Мальчишка торопливо поднялся с колен — так и глядел поезду вслед, как его выбросили — и встал, отряхивая ладони. Глянул мельком — кровь так и не оттёрлась.

— Это что там, а? Чего вы стоите? — спросил кто-то из толпы.

Флоренц разглядел его: нестарый, крепкий ещё, этот человек держал руки на плечах товарищей. Зрачки его белели, как маленькие перламутровые раковины.

— Это что за явление? — спросил другой.

Его сощуренные колючие глазки прошлись по мальчишке сверху вниз, затем поднялись. Цепкие, как рыболовные крючки, они тянули к себе — не отвернуться.

— Ты чего тут, а? Где наша еда?

— Я не знаю, — пробормотал мальчишка.

Он глянул через плечо, надеясь увидеть крылатую — что-то же она у него хотела спросить! Но Леона, видно, не вышла из поезда, а может, вообще не ехала в нём.

— Я ищу Ника, — добавил Флоренц, осмелившись, наконец, оглядеть толпу. — Он здесь?

Люди начали подбираться ближе, грязные и оборванные. Они смердели хуже дохлой рыбы, выброшенной на берег штормом. Да всё здесь, должно быть, провоняло — и земля, и груды хлама, и воздух до самого неба.

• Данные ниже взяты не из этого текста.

(* Let $S$ and $R$ be finite sequences of propositional formulae and $F$ a propositional formula. If $S \equiv S \cdot [F]$ then $S \cdot R \equiv S \cdot [F] \cdot R$.
   Context: Models are truth assignments. For a formula $G$: $I \leq_G J$ iff $I \models G$ or $J \not\models G$. For a sequence $S=[S_1,\ldots,S_m]$: $I \leq_S J$ iff either $S=[]$, or ($I \leq_{S_1} J$ and (either $J \not\leq_{S_1} I$ or $I \leq_{S'} J$)), where $S'=[S_2,\ldots,S_m]$. For sequences, $S\equiv R$ means $I \leq_S J$ and $I\leq_R J$ coincide for all pairs of models $I,J$. $\cdot$ denotes concatenation of sequences. *)

theory Defs
  imports Main
begin

datatype 'v form =
    Var 'v
  | Bot
  | Top
  | Neg "'v form"
  | Conj "'v form" "'v form"
  | Disj "'v form" "'v form"
  | Imp "'v form" "'v form"
  | Iff "'v form" "'v form"

type_synonym 'v model = "'v \<Rightarrow> bool"

fun sat :: "'v model \<Rightarrow> 'v form \<Rightarrow> bool" where
  "sat I (Var x) = I x"
| "sat I Bot = False"
| "sat I Top = True"
| "sat I (Neg f) = (\<not> sat I f)"
| "sat I (Conj f g) = (sat I f \<and> sat I g)"
| "sat I (Disj f g) = (sat I f \<or> sat I g)"
| "sat I (Imp f g) = (sat I f \<longrightarrow> sat I g)"
| "sat I (Iff f g) = (sat I f \<longleftrightarrow> sat I g)"

definition le_form :: "'v form \<Rightarrow> 'v model \<Rightarrow> 'v model \<Rightarrow> bool" where
  "le_form G I J \<longleftrightarrow> sat I G \<or> \<not> sat J G"

text \<open>Lexicographic order induced by a sequence of formulae.\<close>
fun le_seq :: "'v form list \<Rightarrow> 'v model \<Rightarrow> 'v model \<Rightarrow> bool" where
  "le_seq [] I J = True"
| "le_seq (G # S') I J =
     (le_form G I J \<and> (\<not> le_form G J I \<or> le_seq S' I J))"

definition seq_equiv :: "'v form list \<Rightarrow> 'v form list \<Rightarrow> bool" where
  "seq_equiv S R \<longleftrightarrow> (\<forall>I J. le_seq S I J = le_seq R I J)"

end

theory Submission
  imports Defs
begin

lemma le_seq_append:
  "le_seq (S @ R) I J \<longleftrightarrow> le_seq S I J \<and> (\<not> le_seq S J I \<or> le_seq R I J)"
  by (induction S) (auto simp: le_form_def)

lemma seq_equiv_append_right:
  assumes "seq_equiv S S'"
  shows "seq_equiv (S @ R) (S' @ R)"
  using assms by (simp add: seq_equiv_def le_seq_append)

theorem corollary4:
  fixes S R :: "'v form list" and F :: "'v form"
  assumes "seq_equiv S (S @ [F])"
  shows "seq_equiv (S @ R) (S @ [F] @ R)"
  using seq_equiv_append_right[OF assms, of R] by simp

end
(* For every $n\ge 7$, the graph $G_n$ is not an IP-SEG* graph.
   Context: Let $L_1$ and $L_2$ be two distinct parallel horizontal lines in the plane. A closed straight line segment is an interval segment if both of its endpoints lie on the same line $L_i$, and a permutation segment if one endpoint lies on $L_1$ and the other on $L_2$. An IP-SEG model is a finite family of interval and permutation segments; its intersection graph has one vertex per segment, adjacent iff the segments intersect. An IP-SEG* model is an IP-SEG model in which all interval segments lie on the same line $L_i$; a graph is an IP-SEG* graph if it is isomorphic to the intersection graph of an IP-SEG* model. For $n\ge 3$, $G_n$ is the graph on $3n$ vertices $v_1,\dots,v_n,w_1,\dots,w_n,z_1,\dots,z_n$ whose edges are $v_iv_{i+1}$ (indices mod $n$), $v_iw_i$ and $w_iz_i$ for $1\le i\le n$, and no others (a chordless cycle with a pendant path of length $2$ attached at each cycle vertex). *)

theory Defs
  imports "HOL-Analysis.Analysis"
begin

text \<open>The two distinct parallel
horizontal lines are L1 = {y = a} and L2 = {y = b} with a \<noteq> b.\<close>

type_synonym pt = "real \<times> real"
type_synonym seg = "pt \<times> pt"

definition seg_set :: "seg \<Rightarrow> pt set" where
  "seg_set s = closed_segment (fst s) (snd s)"

definition is_int_seg :: "real \<Rightarrow> seg \<Rightarrow> bool" where
  "is_int_seg c s \<longleftrightarrow> snd (fst s) = c \<and> snd (snd s) = c"

definition is_perm_seg :: "real \<Rightarrow> real \<Rightarrow> seg \<Rightarrow> bool" where
  "is_perm_seg a b s \<longleftrightarrow>
     (snd (fst s) = a \<and> snd (snd s) = b) \<or> (snd (fst s) = b \<and> snd (snd s) = a)"

text \<open>A graph (V, E) is an IP-SEG* graph w.r.t. the lines y = a and y = b iff there is
an assignment of segments to vertices (a family indexed by the vertices; this captures
isomorphism) such that every segment is a permutation segment or an interval segment,
all interval segments lie on one common line y = c with c \<in> {a, b}, and distinct
vertices are adjacent iff their segments intersect.\<close>
definition ipseg_star_graph ::
  "real \<Rightarrow> real \<Rightarrow> 'v set \<Rightarrow> ('v \<Rightarrow> 'v \<Rightarrow> bool) \<Rightarrow> bool" where
  "ipseg_star_graph a b V E \<longleftrightarrow>
     (\<exists>c \<in> {a, b}. \<exists>f :: 'v \<Rightarrow> seg.
        (\<forall>v \<in> V. is_perm_seg a b (f v) \<or> is_int_seg c (f v)) \<and>
        (\<forall>u \<in> V. \<forall>v \<in> V. u \<noteq> v \<longrightarrow>
            (E u v \<longleftrightarrow> seg_set (f u) \<inter> seg_set (f v) \<noteq> {})))"

text \<open>The graph G_n: vertex (0, i) is v_(i+1), (1, i) is w_(i+1), (2, i) is z_(i+1),
for i < n.\<close>
definition Gn_verts :: "nat \<Rightarrow> (nat \<times> nat) set" where
  "Gn_verts n = {0..<3} \<times> {0..<n}"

Нечёсаные, многие с патлами до середины спины, одетые в рваньё, обитатели Свалки недобро глядели на мальчишку. И он настороженно глядел в ответ, шажок за шажком отходя от края, боком, чтобы не оказаться слишком близко к этим. Быстрый взгляд подмечал тёмные лица с белыми глазами, уродливо раздутые колени, узловатые скрюченные пальцы. У одного рубаха без рукава, другой и вовсе без рубахи. Вот старуха в истрёпанном платье, иссохшая грудь наружу. Но Ника тут не было.

— Венни, Джеб, да скажете вы, олухи, что происходит? — визгливо спросил тот, что опирался на плечи товарищей. — Как нет еды? А что там тогда?

— А может, и есть еда, — оскалил жёлтые плохие зубы человек с колючими глазами.

Не сводя глаз с мальчишки, он нагнулся, потащил из кучи хлама заржавленный прут.

— Юрген, гад такой! Опять играть нечестно вздумал? — толкнул его в плечо сосед. — Ты ж слово давал в тот раз, что делиться будем по справедливости! Эй, люди, смотрите, он тут ломик припрятал!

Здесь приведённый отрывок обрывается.